Your assignment:
Filter the data below for the string "costly" and copy each matching line.
-- Opening Marker --
lemma threshold_alloc_greatest:
  assumes "1 \<le> k" "0 < m 1"
  shows "threshold_alloc k m w \<in> {1..k}"
    and "threshold_accepts k m w (threshold_alloc k m w)"
    and "\<And>\<gamma>. \<gamma> \<in> {threshold_alloc k m w<..k} \<Longrightarrow> \<not> threshold_accepts k m w \<gamma>"
proof -
  let ?P = "\<lambda>\<gamma>. \<gamma> \<in> {1..k} \<and> threshold_accepts k m w \<gamma>"
  have "threshold_accepts k m w 1"
    unfolding threshold_accepts_def m0_def Z_L_def using assms by (auto intro!: bexI[of _ 1])
  then have "?P (Greatest ?P)"
    using assms by (intro GreatestI_nat[where P = ?P and k = 1 and b = k]) auto
  then show "threshold_alloc k m w \<in> {1..k}" "threshold_accepts k m w (threshold_alloc k m w)"
    unfolding threshold_alloc_def by auto
  show "\<not> threshold_accepts k m w \<gamma>" if "\<gamma> \<in> {threshold_alloc k m w<..k}" for \<gamma>
  proof
    assume "threshold_accepts k m w \<gamma>"
    then have "\<gamma> \<le> threshold_alloc k m w"
      unfolding threshold_alloc_def using that by (intro Greatest_le_nat[where P = ?P and b = k]) auto
    then show False
      using that by simp
  qed
qed

lemma Z_L_sorted:
  fixes m :: "nat \<Rightarrow> nat"
  assumes sorted: "\<forall>i j. 1 \<le> i \<and> i \<le> j \<and> j \<le> k \<longrightarrow> m i \<le> m j"
    and "2 \<le> \<gamma>" "\<gamma> \<le> h" "h \<le> k"
  shows "Z_L m \<gamma> h = (\<Sum>i=1..<\<gamma>. m i) + (h - \<gamma>) * m (\<gamma> - 1)"
proof -
  let ?M = "m (\<gamma> - 1)"
  have "{1..h-1} = {1..<h}"
    using assms by auto
  then have "Z_L m \<gamma> h = (\<Sum>i=1..<h. min (m i) ?M)"
    unfolding Z_L_def m0_def using assms(2) by simp
  also have "\<dots> = (\<Sum>i=1..<\<gamma>. min (m i) ?M) + (\<Sum>i=\<gamma>..<h. min (m i) ?M)"
    using assms(2,3) by (simp add: sum.atLeastLessThan_concat)
  also have "(\<Sum>i=1..<\<gamma>. min (m i) ?M) = (\<Sum>i=1..<\<gamma>. m i)"
  proof (rule sum.cong)
    fix i assume "i \<in> {1..<\<gamma>}"
    then have "1 \<le> i \<and> i \<le> \<gamma> - 1 \<and> \<gamma> - 1 \<le> k"
      using assms by auto
    then have "m i \<le> ?M"
      using sorted by blast
    then show "min (m i) ?M = m i" by simp
  qed simp
  also have "(\<Sum>i=\<gamma>..<h. min (m i) ?M) = (\<Sum>i=\<gamma>..<h. ?M)"
  proof (rule sum.cong)
    fix i assume "i \<in> {\<gamma>..<h}"
    then have "1 \<le> \<gamma> - 1 \<and> \<gamma> - 1 \<le> i \<and> i \<le> k"
      using assms by auto
    then have "?M \<le> m i"
      using sorted by blast
    then show "min (m i) ?M = ?M" by simp
  qed simp
  finally show ?thesis by simp
qed

lemma Z_L_plus_Z_H_le_sum:
  fixes m :: "nat \<Rightarrow> nat"
  assumes sorted: "\<forall>i j. 1 \<le> i \<and> i \<le> j \<and> j \<le> k \<longrightarrow> m i \<le> m j"
    and "2 \<le> \<gamma>" "\<gamma> \<le> h" "h \<le> k"
  shows "Z_L m \<gamma> h + Z_H m \<gamma> h \<le> sum m {1..k}"
proof -
  let ?M = "m (\<gamma> - 1)"
  have "\<forall>i\<in>{\<gamma>..h}. ?M \<le> m i"
  proof
    fix i assume "i \<in> {\<gamma>..h}"
    then have "1 \<le> \<gamma> - 1 \<and> \<gamma> - 1 \<le> i \<and> i \<le> k"
      using assms by auto
    then show "?M \<le> m i"
      using sorted by blast
  qed
  then have "(\<Sum>i=\<gamma>..h. m i) = Z_H m \<gamma> h + ?M * (Suc h - \<gamma>)"
    unfolding Z_H_def m0_def using assms(2) sum_eq_sum_diff_const[of "{\<gamma>..h}" ?M m] by simp
  then have "Z_L m \<gamma> h + Z_H m \<gamma> h + ?M = (\<Sum>i=1..<\<gamma>. m i) + (\<Sum>i=\<gamma>..h. m i)"
  proof -
    have "Suc h - \<gamma> = Suc (h - \<gamma>)"
      using assms by simp
    then show ?thesis
      using Z_L_sorted[OF assms] \<open>(\<Sum>i=\<gamma>..h. m i) = Z_H m \<gamma> h + ?M * (Suc h - \<gamma>)\<close>
      by (simp add: mult.commute)
  qed
  also have "\<dots> = (\<Sum>i=1..h. m i)"
  proof -
    have "{1..<\<gamma>} \<union> {\<gamma>..h} = {1..h}"
      using assms(2,3) by auto
    then show ?thesis
      by (metis finite_atLeastLessThan finite_atLeastAtMost ivl_disj_int_two(7) sum.union_disjoint)
  qed
  also have "\<dots> \<le> sum m {1..k}"
    using assms(4) by (intro sum_mono2) auto
  finally show ?thesis by simp
qed

lemma drainable_sorted_le:
  fixes m :: "nat \<Rightarrow> nat"
  assumes sorted: "\<forall>i j. 1 \<le> i \<and> i \<le> j \<and> j \<le> k \<longrightarrow> m i \<le> m j"
    and high: "high_agents {1..k} m c = {g..k}" "1 \<le> g"
    and costly: "x < excess m c {g..<g + Suc q}"
  shows "drainable {1..k} m c x \<le> q"
proof (rule ccontr)
  assume many: "\<not> drainable {1..k} m c x \<le> q"
  obtain B where B: "B \<subseteq> high_agents {1..k} m c" "excess m c B \<le> x" "card B = drainable {1..k} m c x"
    using drainable_witness[of "{1..k}"] by blast
  have "\<forall>i j. g \<le> i \<and> i \<le> j \<and> j \<le> k \<longrightarrow> m i - (c - 1) \<le> m j - (c - 1)"
    using sorted high(2) by (meson diff_le_mono le_trans)
  then have "excess m c {g..<g + Suc q} \<le> excess m c B"
    unfolding excess_def using B(1,3) high(1) many
    by (intro sum_initial_le_sum[of g k _ B "Suc q"]) auto
  then show False
    using B(2) costly by simp
qed

lemma diff_lt_unmarked_upto:
  "l \<le> z \<Longrightarrow> marked_upto w z < l \<Longrightarrow> l \<le> marked_upto w t \<Longrightarrow> z - l < unmarked_upto w t"
proof -
  assume "l \<le> z" and z: "marked_upto w z < l" and t: "l \<le> marked_upto w t"
  then have "z < t"
    using marked_upto_mono[of t z w] by linarith
  then have "unmarked_upto w z \<le> unmarked_upto w t"
    by (simp add: unmarked_upto_mono)
  then show ?thesis
    using \<open>l \<le> z\<close> z unmarked_plus_marked[of w z] by linarith
qed

lemma overflows_Suc_unmarked:
  assumes "\<not> w 1" "overflows A s' c (\<lambda>i. w (Suc i)) t v"
    and "low_slots A s c (Suc (unmarked_upto (\<lambda>i. w (Suc i)) t + v))
      \<le> low_slots A s' c (unmarked_upto (\<lambda>i. w (Suc i)) t + v)"
  shows "overflows A s c w (Suc t) v"
  using assms unfolding overflows_def marked_upto_Suc unmarked_upto_Suc by simp

lemma high_agents_sorted_above:
  fixes m :: "nat \<Rightarrow> nat"
  assumes sorted: "\<forall>i j. 1 \<le> i \<and> i \<le> j \<and> j \<le> k \<longrightarrow> m i \<le> m j"
    and b: "b \<in> {1..k}" "m b < c" and "high_agents {1..k} m c \<noteq> {}"
  obtains g where "g \<in> {1..k}" "high_agents {1..k} m c = {g..k}" "b < g" "m (g - 1) < c" "c \<le> m g"
proof -
  obtain g where g: "g \<in> {1..k}" "high_agents {1..k} m c = {g..k}"
    using high_agents_sorted[OF sorted assms(4)] by blast
  have "b \<notin> high_agents {1..k} m c"
    using b by (simp add: high_agents_def)
  then have "b < g"
    using g(2) b(1) by auto
  have "g - 1 \<notin> high_agents {1..k} m c"
    using g by auto
  then have "m (g - 1) < c"
    using \<open>b < g\<close> b(1) g(1) by (auto simp: high_agents_def)
  moreover have "g \<in> high_agents {1..k} m c"
    using g by simp
  ultimately show thesis
    using that g \<open>b < g\<close> by (simp add: high_agents_def)
qed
-- Closing Marker --
Reply:
    and costly: "x < excess m c {g..<g + Suc q}"
    using B(2) costly by simp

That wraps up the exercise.